Agent Evaluation
Measuring whether an agent actually works — much harder than evaluating a model, and the reason agent demos and agent products are different things.
When not to use it
- (The question is which evaluation to distrust.)*
- Single-run demos. Agents are stochastic. One success is not a measurement.
- Per-step accuracy as end-to-end. It's the number that looks fine and doesn't mean anything.
- Simulation results as production evidence. The sandbox is not the world, and it flatters.
- LLM-judge scores on reasoning quality. Known biases, and a model grading a model is circular.
Reach for something else instead
- Your own thirty tasks — real, from your use case, with checkable outcomes. Worth more than every leaderboard.
- Executable success criteria — tests that pass. If you can arrange it, arrange it.
- Human review of trajectories — expensive, and the only honest way to judge process.
- Shadow deployment — run alongside a human, compare. Slow, and it's the real answer.
Sources & further reading
- Jimenez et al. (2023), SWE-bench: Can Language Models Resolve Real-World GitHub Issues? — executable success on real repositories; the honest benchmark.
- Liu et al. (2023), AgentBench: Evaluating LLMs as Agents — the multi-environment attempt, and its measurement difficulties.

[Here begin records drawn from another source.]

lemma set_integrable_slope_0_sq: "set_integrable lborel {0..pi} (\<lambda>t. (slope 0 t)\<^sup>2 * sin t)"
proof -
  define w where
    "w t = indicator {0<..<pi/2} t * slope_majorant t + indicator {pi/2<..<pi} t * - slope_majorant t"
    for t :: real
  have "integrable lborel w"
    using set_integrable_slope_majorant set_integrable_minus_slope_majorant
    unfolding set_integrable_def w_def by (intro Bochner_Integration.integrable_add) auto
  then show ?thesis
    unfolding set_integrable_def
  proof (rule Bochner_Integration.integrable_bound)
    show "(\<lambda>t. indicator {0..pi} t *\<^sub>R ((slope 0 t)\<^sup>2 * sin t)) \<in> borel_measurable lborel"
      unfolding slope_def profile'_def ell_def by measurable
    have w_nonneg: "0 \<le> w t" for t
      using slope_majorant_nonneg[of t] slope_majorant_nonpos[of t] by (simp add: w_def indicator_def)
    have le_w: "indicator {0..pi} t * ((slope 0 t)\<^sup>2 * sin t) \<le> w t" for t
    proof (cases "t \<in> {0<..<pi} \<and> t \<noteq> pi/2")
      case True
      then have le: "(slope 0 t)\<^sup>2 * sin t \<le> \<bar>slope_majorant t\<bar>"
        by (intro slope_0_sq_le sin_gt_zero) auto
      consider "t \<in> {0<..<pi/2}" | "t \<in> {pi/2<..<pi}"
        using True by force
      then show ?thesis
        using le slope_majorant_nonneg[of t] slope_majorant_nonpos[of t]
        by cases (auto simp: w_def indicator_def)
    next
      case False
      then consider "cos t = 0" | "t \<notin> {0<..<pi}"
        by fastforce
      then have "indicator {0..pi} t * ((slope 0 t)\<^sup>2 * sin t) = 0"
        by cases (simp add: slope_def profile'_def, auto simp: indicator_def slope_def)
      with w_nonneg[of t] show ?thesis
        by linarith
    qed
    show "AE t in lborel. norm (indicator {0..pi} t *\<^sub>R ((slope 0 t)\<^sup>2 * sin t)) \<le> norm (w t)"
    proof (intro AE_I2)
      fix t :: real
      have "0 \<le> indicator {0..pi} t * ((slope 0 t)\<^sup>2 * sin t)"
        by (simp add: indicator_def sin_ge_zero)
      with le_w[of t] w_nonneg[of t]
      show "norm (indicator {0..pi} t *\<^sub>R ((slope 0 t)\<^sup>2 * sin t)) \<le> norm (w t)"
        by simp
    qed
  qed
qed

lemma
  fixes q :: "nat \<Rightarrow> real \<Rightarrow> real" and w :: "real \<Rightarrow> real"
  assumes S: "S \<in> sets borel" and q: "\<And>n. q n \<in> borel_measurable borel"
    and w: "set_integrable lborel S w"
    and bound: "\<And>n t. t \<in> S \<Longrightarrow> \<bar>q n t\<bar> \<le> w t"
    and lim: "\<And>t. t \<in> S \<Longrightarrow> (\<lambda>n. q n t) \<longlonglongrightarrow> 0"
  shows set_integrable_dominated: "set_integrable lborel S (q n)"
    and set_integral_tendsto_0_dominated: "(\<lambda>n. LINT t:S|lborel. q n t) \<longlonglongrightarrow> 0"
proof -
  have meas: "(\<lambda>t. indicator S t *\<^sub>R q n t) \<in> borel_measurable lborel" for n
    using S q by measurable
  have W: "integrable lborel (\<lambda>t. indicator S t *\<^sub>R w t)"
    using w by (simp add: set_integrable_def)
  have lim': "AE t in lborel. (\<lambda>n. indicator S t *\<^sub>R q n t) \<longlonglongrightarrow> 0"
    using lim by (intro AE_I2) (auto simp: indicator_def)
  have bound': "AE t in lborel. norm (indicator S t *\<^sub>R q n t) \<le> indicator S t *\<^sub>R w t" for n
    using bound by (intro AE_I2) (auto simp: indicator_def)
  show "set_integrable lborel S (q n)"
    unfolding set_integrable_def
    by (rule integrable_dominated_convergence2[OF borel_measurable_const meas W lim' bound'])
  show "(\<lambda>n. LINT t:S|lborel. q n t) \<longlonglongrightarrow> 0"
    unfolding set_lebesgue_integral_def
    using integral_dominated_convergence[OF borel_measurable_const meas W lim' bound'] by simp
qed

lemma
  fixes d :: "nat \<Rightarrow> real"
  assumes d: "d \<longlonglongrightarrow> 0" "\<And>n. 0 \<le> d n" "\<And>n. d n \<le> 1"
  shows set_integrable_profile_error:
      "set_integrable lborel {0..pi} (\<lambda>t. (profile (d n) (cos t) - f_profile (cos t))\<^sup>2 * sin t)"
    and profile_error_tendsto_0:
      "(\<lambda>n. LINT t:{0..pi}|lborel. (profile (d n) (cos t) - f_profile (cos t))\<^sup>2 * sin t) \<longlonglongrightarrow> 0"
proof -
  have err_le: "\<bar>(profile (d n) (cos t) - f_profile (cos t))\<^sup>2 * sin t\<bar> \<le> 32" if "t \<in> {0..pi}" for n t
  proof (cases "sin t = 0")
    case False
    with that have s: "0 < sin t"
      using sin_ge_zero[of t] by auto
    then have "f_profile (cos t) = profile 0 (cos t)"
      by (simp add: f_profile_eq_profile abs_cos_less_1)
    then have "\<bar>profile (d n) (cos t) - f_profile (cos t)\<bar> \<le> \<bar>f_profile (cos t)\<bar>"
      using profile_cos_bounds[OF False d(2)[of n] d(3)[of n]] by linarith
    then have "(profile (d n) (cos t) - f_profile (cos t))\<^sup>2 \<le> (f_profile (cos t))\<^sup>2"
      by (simp add: abs_le_square_iff)
    then have "(profile (d n) (cos t) - f_profile (cos t))\<^sup>2 * sin t \<le> (f_profile (cos t))\<^sup>2 * sin t"
      using s by (simp add: mult_right_mono)
    then have "(profile (d n) (cos t) - f_profile (cos t))\<^sup>2 * sin t \<le> 32"
      using f_profile_cos_sq_le[of t] s by linarith
    then show ?thesis
      using s by simp
  qed simp
  have err_lim: "(\<lambda>n. (profile (d n) (cos t) - f_profile (cos t))\<^sup>2 * sin t) \<longlonglongrightarrow> 0" for t
  proof (cases "sin t = 0")
    case False
    then have "(\<lambda>n. (profile (d n) (cos t) - f_profile (cos t))\<^sup>2 * sin t)
        \<longlonglongrightarrow> (profile 0 (cos t) - f_profile (cos t))\<^sup>2 * sin t"
      by (intro tendsto_intros profile_cos_tendsto d(1))
    moreover have "f_profile (cos t) = profile 0 (cos t)"
      using False by (simp add: f_profile_eq_profile abs_cos_less_1)
    ultimately show ?thesis
      by simp
  qed simp
  have meas: "(\<lambda>t. (profile (d n) (cos t) - f_profile (cos t))\<^sup>2 * sin t) \<in> borel_measurable borel" for n
    unfolding profile_def f_profile_def ell_def by measurable
  have "set_integrable lborel {0..pi} (\<lambda>t::real. 32::real)"
    by (simp add: set_integrable_def integrable_indicator_iff)
  from set_integrable_dominated[OF _ meas this err_le err_lim]
    set_integral_tendsto_0_dominated[OF _ meas this err_le err_lim]
  show "set_integrable lborel {0..pi} (\<lambda>t. (profile (d n) (cos t) - f_profile (cos t))\<^sup>2 * sin t)"
    "(\<lambda>n. LINT t:{0..pi}|lborel. (profile (d n) (cos t) - f_profile (cos t))\<^sup>2 * sin t) \<longlonglongrightarrow> 0"
    by auto
qed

- Zheng et al. (2023), Judging LLM-as-a-Judge with MT-Bench and Chatbot Arena — the biases in using a model to grade a model.
Primary sources, listed so you can check the claims on this page rather than take them on trust.
Where people go wrong
- Not measuring variance. Ten runs of the same task tells you what one run cannot.
- Reporting outcome without cost or step count. An agent succeeding in forty steps is failing.
- Believing benchmark numbers on public benchmarks. They're in training data now.
- Using an LLM judge for trajectory quality without acknowledging the circularity.
- Treating a demo as evidence. It was chosen; your task wasn't.